-- TASK INPUT follows --

(* Let $G_1=(V_1,E_1)$ and $G_2=(V_2,E_2)$ be word-representable graphs with disjoint vertex sets, $\mathcal{R}(G_1)=k_1$, $\mathcal{R}(G_2)=k_2$, and let $x\in V_1$, $y\in V_2$, $k=\max(k_1,k_2)$. Let $G'$ be the graph with vertex set $V_1\cup V_2$ and edge set $E_1\cup E_2\cup\{(x,y)\}$, and let $G''$ be the graph obtained from $G_1$ and $G_2$ by identifying $x$ and $y$ into a single vertex $z$. Then: (1) if $|V_1|=|V_2|=1$, then $G'$ and $G''$ are complete graphs, $k_1=k_2=1$, and $\mathcal{R}(G')=\mathcal{R}(G'')=1$; (2) if $\min(|V_1|,|V_2|)=1$ and $\max(|V_1|,|V_2|)>1$, then $\mathcal{R}(G'')=k$ and $\mathcal{R}(G')=\max(k,2)$; (3) if $\min(|V_1|,|V_2|)>1$, then $\mathcal{R}(G')=\mathcal{R}(G'')=\max(k,2)$.
   Context: All graphs are finite and simple. For a word $w$ and distinct letters $x,y$ occurring in $w$, $x$ and $y$ alternate in $w$ if deleting all letters other than copies of $x$ and $y$ yields a word of the form $xyxy\cdots$ or $yxyx\cdots$ (of even or odd length). A graph $G=(V,E)$ is word-representable if there is a word $w$ over $V$ (each vertex occurring in $w$) such that for all distinct $x,y\in V$, $x$ and $y$ alternate in $w$ iff $(x,y)\in E$. A word is $k$-uniform if each letter occurs exactly $k$ times; $G$ is $k$-word-representable if some $k$-uniform word represents it; the representation number $\mathcal{R}(G)$ is the least such $k$. *)

theory Defs
  imports Main
begin

definition simple_graph :: "'a set \<Rightarrow> ('a \<times> 'a) set \<Rightarrow> bool" where
  "simple_graph V E \<longleftrightarrow> finite V \<and> E \<subseteq> V \<times> V \<and> sym E \<and> irrefl E"

definition complete_graph :: "'a set \<Rightarrow> ('a \<times> 'a) set \<Rightarrow> bool" where
  "complete_graph V E \<longleftrightarrow> (\<forall>u\<in>V. \<forall>v\<in>V. u \<noteq> v \<longrightarrow> (u, v) \<in> E)"

definition alternate :: "'a list \<Rightarrow> 'a \<Rightarrow> 'a \<Rightarrow> bool" where
  "alternate w x y \<longleftrightarrow>
     (let u = filter (\<lambda>c. c = x \<or> c = y) w in
       u = map (\<lambda>i. if even i then x else y) [0..<length u] \<or>
       u = map (\<lambda>i. if even i then y else x) [0..<length u])"

definition represents :: "'a set \<Rightarrow> ('a \<times> 'a) set \<Rightarrow> 'a list \<Rightarrow> bool" where
  "represents V E w \<longleftrightarrow> set w = V \<and>
     (\<forall>x\<in>V. \<forall>y\<in>V. x \<noteq> y \<longrightarrow> (alternate w x y \<longleftrightarrow> (x, y) \<in> E))"

definition uniform_word :: "nat \<Rightarrow> 'a list \<Rightarrow> bool" where
  "uniform_word k w \<longleftrightarrow> (\<forall>a\<in>set w. count_list w a = k)"

definition word_representable :: "'a set \<Rightarrow> ('a \<times> 'a) set \<Rightarrow> bool" where
  "word_representable V E \<longleftrightarrow> (\<exists>w. represents V E w)"

definition k_word_representable :: "nat \<Rightarrow> 'a set \<Rightarrow> ('a \<times> 'a) set \<Rightarrow> bool" where
  "k_word_representable k V E \<longleftrightarrow> (\<exists>w. uniform_word k w \<and> represents V E w)"

definition rep_num :: "'a set \<Rightarrow> ('a \<times> 'a) set \<Rightarrow> nat" where
  "rep_num V E = (LEAST k. k_word_representable k V E)"

definition bridge_V :: "'a set \<Rightarrow> 'a set \<Rightarrow> 'a set" where
  "bridge_V V1 V2 = V1 \<union> V2"
definition bridge_E :: "('a \<times> 'a) set \<Rightarrow> ('a \<times> 'a) set \<Rightarrow> 'a \<Rightarrow> 'a \<Rightarrow> ('a \<times> 'a) set" where
  "bridge_E E1 E2 x y = E1 \<union> E2 \<union> {(x, y), (y, x)}"

definition merge_vx :: "'a \<Rightarrow> 'a \<Rightarrow> 'a \<Rightarrow> 'a \<Rightarrow> 'a" where
  "merge_vx x y z v = (if v = x \<or> v = y then z else v)"
definition ident_V :: "'a set \<Rightarrow> 'a set \<Rightarrow> 'a \<Rightarrow> 'a \<Rightarrow> 'a \<Rightarrow> 'a set" where
  "ident_V V1 V2 x y z = (V1 - {x}) \<union> (V2 - {y}) \<union> {z}"
definition ident_E :: "('a \<times> 'a) set \<Rightarrow> ('a \<times> 'a) set \<Rightarrow> 'a \<Rightarrow> 'a \<Rightarrow> 'a \<Rightarrow> ('a \<times> 'a) set" where
  "ident_E E1 E2 x y z = (\<lambda>(a, b). (merge_vx x y z a, merge_vx x y z b)) ` (E1 \<union> E2)"

end

theory Submission
  imports Defs
begin

text \<open>Restricting a uniform representant to a set of vertices represents the induced subgraph,
  so both G' and G'' need uniformity at least k = max k1 k2, and at least 2 unless they are
  complete, since two letters occurring once each always alternate. Conversely, a representant
  can be padded to any larger uniformity by prepending rarest letters, and a uniform one can be
  rotated to start at any vertex v. Two m-uniform words v A1 v A2 \<dots> v Am and v B1 \<dots> v Bm
  over vertex sets meeting only in v are then glued, for m \<ge> 2, into v B1 A1 v A2 B2 \<dots> v Am Bm:
  its restrictions are the two given words, and no letter of the A-blocks alternates with a
  letter of the B-blocks. G'' is one such gluing (at z); G' is two, gluing G1 and
  G2 to the edge on {x, y} at x and at y.\<close>

section \<open>Alternation\<close>

definition alternating_list :: "'a \<Rightarrow> 'a \<Rightarrow> nat \<Rightarrow> 'a list" where
  "alternating_list a b n = map (\<lambda>i. if even i then a else b) [0..<n]"

lemma alternating_list_0 [simp]: "alternating_list a b 0 = []"
  by (simp add: alternating_list_def)

lemma alternating_list_Suc: "alternating_list a b (Suc n) = a # alternating_list b a n"
  unfolding alternating_list_def by (induction n) auto

lemma successively_alternating_list:
  "a \<noteq> b \<Longrightarrow> successively (\<noteq>) (alternating_list a b n)"
proof (induction n arbitrary: a b)
  case 0 then show ?case by (simp add: alternating_list_def)
next
  case (Suc n) then show ?case
    by (cases n) (auto simp: alternating_list_Suc)
qed

lemma eq_alternating_list:
  assumes "successively (\<noteq>) u" "set u \<subseteq> {a, b}" "u \<noteq> []" "hd u = a"
  shows "u = alternating_list a b (length u)"
  using assms
proof (induction u arbitrary: a b)
  case Nil then show ?case by simp
next
  case (Cons c u)
  show ?case
  proof (cases u)
    case Nil then show ?thesis using Cons.prems by (simp add: alternating_list_def)
  next
    case (Cons d r)
    with Cons.prems have "d = b" "c = a" "successively (\<noteq>) u" "set u \<subseteq> {b, a}" by auto
    with Cons.IH \<open>u = d # r\<close> have "u = alternating_list b a (length u)" by auto
    then show ?thesis using \<open>c = a\<close> by (simp add: alternating_list_Suc)
  qed
qed

lemma alternate_iff_successively:
  assumes "a \<noteq> b"
  shows "alternate w a b \<longleftrightarrow> successively (\<noteq>) (filter (\<lambda>c. c = a \<or> c = b) w)"
proof -
  let ?u = "filter (\<lambda>c. c = a \<or> c = b) w"
  have "alternate w a b \<longleftrightarrow>
      ?u = alternating_list a b (length ?u) \<or> ?u = alternating_list b a (length ?u)"
    unfolding alternate_def alternating_list_def Let_def by (rule refl)
  also have "\<dots> \<longleftrightarrow> successively (\<noteq>) ?u"
  proof
    assume "?u = alternating_list a b (length ?u) \<or> ?u = alternating_list b a (length ?u)"
    then show "successively (\<noteq>) ?u"
      by (metis (no_types) successively_alternating_list assms)
  next
    assume succ: "successively (\<noteq>) ?u"
    show "?u = alternating_list a b (length ?u) \<or> ?u = alternating_list b a (length ?u)"
    proof (cases "?u = []")
      case True then show ?thesis by (simp add: alternating_list_def)
    next
      case False
      then have "hd ?u = a \<or> hd ?u = b" using hd_in_set[of ?u] by auto
      moreover have "set ?u \<subseteq> {a, b}" "set ?u \<subseteq> {b, a}" by auto
      ultimately show ?thesis using eq_alternating_list[OF succ] False by blast
    qed
  qed
  finally show ?thesis .
qed

lemma alternate_commute: "alternate w a b \<longleftrightarrow> alternate w b a"
proof (cases "a = b")
  case False
  have "filter (\<lambda>c. c = a \<or> c = b) w = filter (\<lambda>c. c = b \<or> c = a) w"
    by (rule filter_cong) auto
  then show ?thesis using alternate_iff_successively[of a b] alternate_iff_successively[of b a] False
    by simp
qed simp

lemma alternate_filter:
  assumes "P a" "P b"
  shows "alternate (filter P w) a b \<longleftrightarrow> alternate w a b"
proof -
  have "filter (\<lambda>c. c = a \<or> c = b) (filter P w) = filter (\<lambda>c. c = a \<or> c = b) w"
    using assms by (induction w) auto
  then show ?thesis unfolding alternate_def by simp
qed

lemma count_list_filter: "P a \<Longrightarrow> count_list (filter P w) a = count_list w a"
  by (induction w) auto

lemma count_list_hd_alternating:
  "u \<noteq> [] \<Longrightarrow> set u \<subseteq> {hd u, d} \<Longrightarrow> hd u \<noteq> d \<Longrightarrow> successively (\<noteq>) u \<Longrightarrow>
   count_list u (hd u) = count_list u d + (if last u = hd u then 1 else 0)"
proof (induction u arbitrary: d)
  case Nil then show ?case by simp
next
  case (Cons c r)
  show ?case
  proof (cases r)
    case Nil then show ?thesis using Cons.prems by simp
  next
    case (Cons e r')
    with Cons.prems have "e = d" "c \<noteq> d" "successively (\<noteq>) r" "set r \<subseteq> {hd r, c}"
      by auto
    with Cons.IH[of c] \<open>r = e # r'\<close>
    have "count_list r d = count_list r c + (if last r = d then 1 else 0)" by simp
    moreover have "last r \<in> {c, d}"
      using \<open>set r \<subseteq> {hd r, c}\<close> \<open>e = d\<close> \<open>r = e # r'\<close> last_in_set[of r] by auto
    ultimately show ?thesis using \<open>c \<noteq> d\<close> \<open>r = e # r'\<close> by auto
  qed
qed

lemma successively_neq_if_counts_le_1:
  "set u \<subseteq> {a, b} \<Longrightarrow> count_list u a \<le> 1 \<Longrightarrow> count_list u b \<le> 1 \<Longrightarrow> successively (\<noteq>) u"
proof (induction u)
  case (Cons c r)
  then have "successively (\<noteq>) r" by (auto split: if_splits)
  moreover have "r = [] \<or> hd r \<noteq> c"
    using Cons.prems by (cases r) (auto split: if_splits)
  ultimately show ?case by (auto simp: successively_Cons)
qed simp

lemma successively_neq_replicate: "successively (\<noteq>) (replicate n a) \<Longrightarrow> n \<le> 1"
proof (induction n)
  case (Suc n) then show ?case by (cases n) auto
qed simp

section \<open>Uniform representants\<close>

lemma filter_hd_neq_if_mem_takeWhile:
  assumes "b \<in> set (takeWhile (\<lambda>c. c \<noteq> a) w)" "Q b"
  shows "filter Q w \<noteq> [] \<and> hd (filter Q w) \<noteq> a"
proof -
  let ?t = "takeWhile (\<lambda>c. c \<noteq> a) w"
  have ne: "filter Q ?t \<noteq> []" using assms by (auto simp: filter_empty_conv)
  then have "hd (filter Q ?t) \<in> set ?t" using hd_in_set[OF ne] by auto
  then have "hd (filter Q ?t) \<noteq> a" by (metis (mono_tags, lifting) set_takeWhileD)
  moreover have "filter Q w = filter Q ?t @ filter Q (dropWhile (\<lambda>c. c \<noteq> a) w)"
    by (metis filter_append takeWhile_dropWhile_id)
  ultimately show ?thesis using ne by simp
qed

text \<open>Prepending a cannot change whether a and b alternate if b occurs before the first a, or
  if a is strictly rarer than b (then an alternating restriction cannot start with a).\<close>

definition prependable :: "'a list \<Rightarrow> 'a \<Rightarrow> bool" where
  "prependable w a \<longleftrightarrow> (\<forall>b\<in>set w. b \<noteq> a \<longrightarrow>
     count_list w a < count_list w b \<or> b \<in> set (takeWhile (\<lambda>c. c \<noteq> a) w))"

-- TASK INPUT concluded --

** ASSIGNMENT **
Using the material above, filter for lines holding "blocks" and copy each one.

** ANSWER TO THE EXERCISE **
  its restrictions are the two given words, and no letter of the A-blocks alternates with a
  letter of the B-blocks. G'' is one such gluing (at z); G' is two, gluing G1 and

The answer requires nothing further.